In Hong Kong, an unresolved and complicated issue that leads to unequal opportunities among non-Chinese, particularly young people, is related to education, specifically learning the Chinese language.

This is a structural issue that calls for a systemic solution. It cannot be handled at the individual, school or even community level. The EOC has repeatedly called for a comprehensive curriculum, to teach Chinese as a second language, to be put in place, to give non-Chinese students an equal shot at gaining a practical level of language proficiency that enables them to have more job opportunities.

The current options for Chinese-language learning go from the most popular international qualifications, which are completely inadequate for the Hong Kong workplace, to the native Diploma of Secondary Education Chinese examination (DSE), which is extremely challenging.

Most non-Chinese students take the simpler international examinations. In effect, it is a Hobson’s choice.

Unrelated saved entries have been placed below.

text \<open>
  Write \<open>W\<^sub>i\<^sub>j = c\<^sub>i\<^sub>j + i s\<^sub>i\<^sub>j\<close>. Each pair of real constraints in (1)--(4) is the real and
  imaginary part of one complex equation between products of the \<open>W\<^sub>i\<^sub>j\<close> and their conjugates.
  At a feasible OPF point \<open>W\<^sub>i\<^sub>j = conj(V\<^sub>i) V\<^sub>j\<close> for the voltage phasors
  \<open>V\<^sub>v = sqrt(c\<^sub>v\<^sub>v) e^(i\<theta>\<^sub>v)\<close>, and with the auxiliary variables
  \<open>c\<^sup>~\<^sub>1\<^sub>k + i s\<^sup>~\<^sub>1\<^sub>k = conj(V\<^sub>1) V\<^sub>k\<close> all those complex equations become ring identities.
  Conversely, the constraints telescope along the cycle through the auxiliary variables and show
  that the product of the \<open>W\<^sub>i\<^sub>j\<close> around the cycle is a positive multiple of some \<open>|z|\<^sup>2\<close>,
  hence a positive real number; its argument, the sum of the \<open>atan2\<close> values, is then a multiple
  of \<open>2\<pi>\<close>.
\<close>

lemma sgn_prod: "sgn (\<Prod>i\<in>I. w i) = (\<Prod>i\<in>I. sgn (w i :: 'a :: real_normed_field))"
  by (induction I rule: infinite_finite_induct) (simp_all add: Real_Vector_Spaces.sgn_mult)

lemma sum_Arg_eq_2pi_multiple:
  fixes w :: "'a \<Rightarrow> complex"
  assumes "finite I" and nonzero: "\<forall>i\<in>I. w i \<noteq> 0" and positive: "(\<Prod>i\<in>I. w i) = complex_of_real R" "R > 0"
  shows "\<exists>k::int. (\<Sum>i\<in>I. Arg (w i)) = 2 * pi * of_int k"
proof -
  have "exp (\<i> * complex_of_real (\<Sum>i\<in>I. Arg (w i))) = (\<Prod>i\<in>I. cis (Arg (w i)))"
    using \<open>finite I\<close> by (simp add: sum_distrib_left exp_sum cis_conv_exp)
  also have "\<dots> = sgn (\<Prod>i\<in>I. w i)"
    using nonzero by (simp add: sgn_prod cis_Arg)
  also have "\<dots> = 1"
    using positive by (simp add: sgn_of_real)
  finally obtain k where "(\<Sum>i\<in>I. Arg (w i)) = real_of_int (2 * k) * pi"
    by (auto simp: exp_eq_1)
  then show ?thesis
    by (intro exI[of _ k]) simp
qed

lemma positive_real_if_mult_eq_cnj_mult_self:
  assumes "complex_of_real r * P = complex_of_real a * (cnj z * z)" "r > 0" "a > 0" "z \<noteq> 0"
  shows "\<exists>R>0. P = complex_of_real R"
proof -
  have "cnj z * z = complex_of_real ((cmod z)\<^sup>2)"
    using complex_norm_square[of z] by (simp add: mult.commute)
  then have "complex_of_real r * P = complex_of_real (a * (cmod z)\<^sup>2)"
    using assms(1) by simp
  then have "P = complex_of_real (a * (cmod z)\<^sup>2 / r)"
    using \<open>r > 0\<close> by (simp add: field_simps)
  then show ?thesis
    using assms(2-4) by (intro exI[of _ "a * (cmod z)\<^sup>2 / r"]) simp
qed

lemma telescoping_chain:
  fixes w T :: "nat \<Rightarrow> complex"
  assumes start: "T 2 = w 0"
    and recurrence: "\<forall>i\<in>{2..m}. T (2*i-2) * w (2*i-2) = T (2*i) * cnj (w (2*i-3))"
    and nonzero: "\<forall>i\<in>{2..m}. w (2*i-3) \<noteq> 0"
    and "1 \<le> j" "j \<le> m"
  shows "\<exists>r>0. T (2*j) = complex_of_real r * (\<Prod>i<2*j-1. w i)"
  using \<open>1 \<le> j\<close> \<open>j \<le> m\<close>
proof (induction j rule: dec_induct)
  case base
  then show ?case
    using start by (intro exI[of _ 1]) simp
next
  case (step j)
  then obtain r where "r > 0" and T_j: "T (2*j) = complex_of_real r * (\<Prod>i<2*j-1. w i)"
    by auto
  have "Suc j \<in> {2..m}"
    using step by simp
  then have "T (2*Suc j - 2) * w (2*Suc j - 2) = T (2*Suc j) * cnj (w (2*Suc j - 3))"
    and "w (2*Suc j - 3) \<noteq> 0"
    using recurrence nonzero by blast+
  then have rel: "T (2*j) * w (2*j) = T (2*Suc j) * cnj (w (2*j-1))" and "w (2*j-1) \<noteq> 0"
    by (simp_all add: numeral_3_eq_3)
  then have norm_pos: "(cmod (w (2*j-1)))\<^sup>2 > 0"
    by simp
  have split: "(\<Prod>i<2*Suc j-1. w i) = (\<Prod>i<2*j-1. w i) * w (2*j-1) * w (2*j)"
  proof -
    have "2*Suc j - 1 = Suc (Suc (2*j-1))" "2*j = Suc (2*j-1)"
      using \<open>1 \<le> j\<close> by simp_all
    then show ?thesis
      by (metis prod.lessThan_Suc)
  qed
  have "T (2*Suc j) * complex_of_real ((cmod (w (2*j-1)))\<^sup>2) = complex_of_real r * (\<Prod>i<2*Suc j-1. w i)"
    using rel T_j unfolding split complex_norm_square by (simp add: algebra_simps)
  then have "T (2*Suc j) = complex_of_real (r / (cmod (w (2*j-1)))\<^sup>2) * (\<Prod>i<2*Suc j-1. w i)"
    using norm_pos by (simp add: field_simps)
  then show ?case
    using \<open>r > 0\<close> norm_pos by (intro exI[of _ "r / (cmod (w (2*j-1)))\<^sup>2"]) simp
qed

lemma odd_cycle_product_positive:
  fixes w T :: "nat \<Rightarrow> complex"
  assumes "odd n" "5 \<le> n" and nonzero: "\<forall>k<n. w k \<noteq> 0" and "D > 0"
    and start: "T 2 = w 0"
    and recurrence: "\<forall>i\<in>{2..(n-1) div 2}. T (2*i-2) * w (2*i-2) = T (2*i) * cnj (w (2*i-3))"
    and closing: "T (n-1) * w (n-2) = cnj (w (n-1)) * complex_of_real D"
  shows "\<exists>R>0. (\<Prod>k<n. w k) = complex_of_real R"
proof -
  define m where "m = (n-1) div 2"
  have m: "2 \<le> m" "2*m = n - 1" "n - 1 - 1 = n - 2"
    using assms(1,2) by (auto simp: m_def)
  have "\<forall>i\<in>{2..m}. w (2*i-3) \<noteq> 0"
    using nonzero m by auto
  then obtain r where "r > 0" and T_2m: "T (2*m) = complex_of_real r * (\<Prod>k<2*m-1. w k)"
    using telescoping_chain[OF start recurrence[folded m_def], of m] m by auto
  have T_last: "T (n-1) = complex_of_real r * (\<Prod>k<n-2. w k)"
    using T_2m unfolding m(2,3) .
  have "n = Suc (Suc (n-2))" "n-1 = Suc (n-2)"
    using assms(2) by simp_all
  then have "(\<Prod>k<n. w k) = (\<Prod>k<n-2. w k) * w (n-2) * w (n-1)"
    by (metis prod.lessThan_Suc)
  then have "complex_of_real r * (\<Prod>k<n. w k) = T (n-1) * w (n-2) * w (n-1)"
    unfolding T_last by (simp add: mult_ac)
  also have "\<dots> = complex_of_real D * (cnj (w (n-1)) * w (n-1))"
    unfolding closing by (simp add: mult_ac)
  finally show ?thesis
    by (rule positive_real_if_mult_eq_cnj_mult_self) (use \<open>r > 0\<close> \<open>D > 0\<close> assms(2) nonzero in auto)
qed

lemma even_cycle_product_positive:
  fixes w T :: "nat \<Rightarrow> complex"
  assumes "even n" "6 \<le> n" and nonzero: "\<forall>k<n. w k \<noteq> 0"
    and start: "T 2 = w 0"
    and recurrence: "\<forall>i\<in>{2..n div 2}. T (2*i-2) * w (2*i-2) = T (2*i) * cnj (w (2*i-3))"
    and closing: "T n = cnj (w (n-1))"
  shows "\<exists>R>0. (\<Prod>k<n. w k) = complex_of_real R"
proof -
  define m where "m = n div 2"
  have m: "2 \<le> m" "2*m = n"
    using assms(1,2) by (auto simp: m_def)
  have "\<forall>i\<in>{2..m}. w (2*i-3) \<noteq> 0"
    using nonzero m by auto
  then obtain r where "r > 0" and T_2m: "T (2*m) = complex_of_real r * (\<Prod>k<2*m-1. w k)"
    using telescoping_chain[OF start recurrence[folded m_def], of m] m by auto
  have T_last: "T n = complex_of_real r * (\<Prod>k<n-1. w k)"
    using T_2m unfolding m(2) .
  have "n = Suc (n-1)"
    using assms(2) by simp
  then have "(\<Prod>k<n. w k) = (\<Prod>k<n-1. w k) * w (n-1)"
    by (metis prod.lessThan_Suc)
  then have "complex_of_real r * (\<Prod>k<n. w k) = complex_of_real 1 * (cnj (w (n-1)) * w (n-1))"
    using T_last closing by (simp add: mult_ac)
  then show ?thesis
    by (rule positive_real_if_mult_eq_cnj_mult_self) (use \<open>r > 0\<close> assms(2) nonzero in auto)
qed

definition edge_cx :: "('b \<Rightarrow> 'b \<Rightarrow> real) \<Rightarrow> ('b \<Rightarrow> 'b \<Rightarrow> real) \<Rightarrow> 'b \<Rightarrow> 'b \<Rightarrow> complex" where
  "edge_cx c s u v = Complex (c u v) (s u v)"

text \<open>
  The complex form of \<open>cycle_cons\<close>, in the paper's 1-based bus labels: \<open>X k m\<close> is the complex
  line variable of buses \<open>k, m\<close>, \<open>D k\<close> is \<open>c\<^sub>k\<^sub>k\<close> and \<open>T k = c\<^sup>~\<^sub>1\<^sub>k + i s\<^sup>~\<^sub>1\<^sub>k\<close>.
\<close>
definition cycle_cons_cx ::
  "('b \<Rightarrow> 'b \<Rightarrow> complex) \<Rightarrow> ('b \<Rightarrow> real) \<Rightarrow> 'b list \<Rightarrow> (nat \<Rightarrow> complex) \<Rightarrow> bool" where
  "cycle_cons_cx W d vs T \<longleftrightarrow>
   (let n = length vs;
        X = (\<lambda>k m. W (vs ! (k - 1)) (vs ! (m - 1)));
        D = (\<lambda>k. d (vs ! (k - 1)));
        nx = (\<lambda>k. if k = n then 1 else k + 1);
        moduli = (\<forall>i. even i \<and> 2 \<le> i \<and> i \<le> n - 1 \<longrightarrow> (cmod (T i))\<^sup>2 = D 1 * D i) \<and>
                 (\<forall>k\<in>{1..n}. (cmod (X k (nx k)))\<^sup>2 = D k * D (nx k))
    in
    (n = 3 \<longrightarrow> X 1 2 * of_real (D 3) = cnj (X 2 3 * X 3 1)) \<and>
    (n = 4 \<longrightarrow> X 1 2 * X 3 4 = cnj (X 2 3 * X 4 1)) \<and>
    (odd n \<and> 5 \<le> n \<longrightarrow>
       T 2 = X 1 2 \<and>
       (\<forall>i\<in>{2..(n - 1) div 2}. T (2*i-2) * X (2*i-1) (2*i) = T (2*i) * cnj (X (2*i-2) (2*i-1))) \<and>
       T (n-1) * X (n-1) n = cnj (X n 1) * of_real (D (n-1)) \<and> moduli) \<and>
    (even n \<and> 6 \<le> n \<longrightarrow>
       T 2 = X 1 2 \<and> T n = X 1 n \<and>
       (\<forall>i\<in>{2..n div 2}. T (2*i-2) * X (2*i-1) (2*i) = T (2*i) * cnj (X (2*i-2) (2*i-1))) \<and>
       moduli))"

lemma cycle_cons_iff_cycle_cons_cx:
  "cycle_cons c s vs ct st \<longleftrightarrow>
   cycle_cons_cx (edge_cx c s) (\<lambda>v. c v v) vs (\<lambda>k. Complex (ct k) (st k))"
proof -
  have triangle: "Complex a b * complex_of_real r = cnj (Complex c d * Complex e f) \<longleftrightarrow>
      b*r + c*f + d*e = 0 \<and> a*r - c*e + d*f = 0" for a b c d e f r
    by (auto simp: complex_eq_iff)
  have square: "Complex a b * Complex c d = cnj (Complex e f * Complex g h) \<longleftrightarrow>
      b*c + a*d + f*g + e*h = 0 \<and> a*c - b*d - e*g + f*h = 0" for a b c d e f g h
    by (auto simp: complex_eq_iff)
  have step: "Complex a b * Complex c d = Complex e f * cnj (Complex g h) \<longleftrightarrow>
      a*c - b*d - e*g - f*h = 0 \<and> b*c + a*d - f*g + e*h = 0" for a b c d e f g h
    by (auto simp: complex_eq_iff)
  have close: "Complex a b * Complex c d = cnj (Complex e f) * complex_of_real r \<longleftrightarrow>
      a*c - b*d - e*r = 0 \<and> b*c + a*d + f*r = 0" for a b c d e f r
    by (auto simp: complex_eq_iff)
  show ?thesis
    unfolding cycle_cons_def cycle_cons_cx_def Let_def edge_cx_def
    by (simp only: triangle square step close complex.inject cmod_power2 complex.sel)
      (simp only: ac_simps)
qed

While those who pass the native-level DSE exam would certainly have better Chinese-language proficiency, those who fail it or only achieve a low grade can expect their chances of getting into a local university to be directly affected. No surprise, then, that most non-Chinese students take the simpler international examinations. In effect, it is a Hobson’s choice.

In a series of informal focus group discussions carried out by the EOC last month with about 20 ethnic minority university students on their experience, motivations and attitudes towards continuing to learn Chinese, it was made abundantly clear that the period of intervention has to be at school. It is too late by the time they get to university.

Clearly, those students who had begun their Chinese-language learning in kindergartens had better proficiency overall. Almost without exception, all participants reported a drop in their levels of Chinese learning once they entered secondary school and were streamed into the international curriculum.

The only two participants who had taken the DSE exam struggled to cope, not just with the subject but also with balancing the workload of the remaining subjects. While one student was relatively successful, the other ended up with lower grades than required for a place at her university of choice for the law degree she wished to pursue.

Clearly, something is wrong. The available options are not delivering the desired outcomes. We need to review the system to truly understand where the fault lines are. This requires honesty, intention and an open mind.

The education system needs to embrace the theme of “All Races As One” as it looks at the issue of Chinese-language learning by non-Chinese students. It is necessary to acknowledge the difference in how a second- or third-language learner picks up Chinese, compared with native speaker. There is no home environment, no cultural context and no early exposure to the language for a non-Chinese speaker. There is a minimum three-year delay in the starting point.

When asked what would motivate them to continue learning Chinese at university alongside their major, the focus group participants made some sound suggestions. They asked for the language course to be non-credit, practical as against academic, and tied to their major or likely career. The undergraduates realise the disadvantage they face as they prepare to enter the job market, but feel hamstrung by their lost opportunities in primary and secondary school.

As Hong Kong emerges from the haze of the pandemic and starts to reinvent itself, I hope there is more energy and intention in doing away with the old and bringing in the new, where required. The education system for non-Chinese students could certainly do with fresh impetus.

“All Races As One” should not be a time-limited slogan but one that Hong Kong truly comes to embody in spirit and form.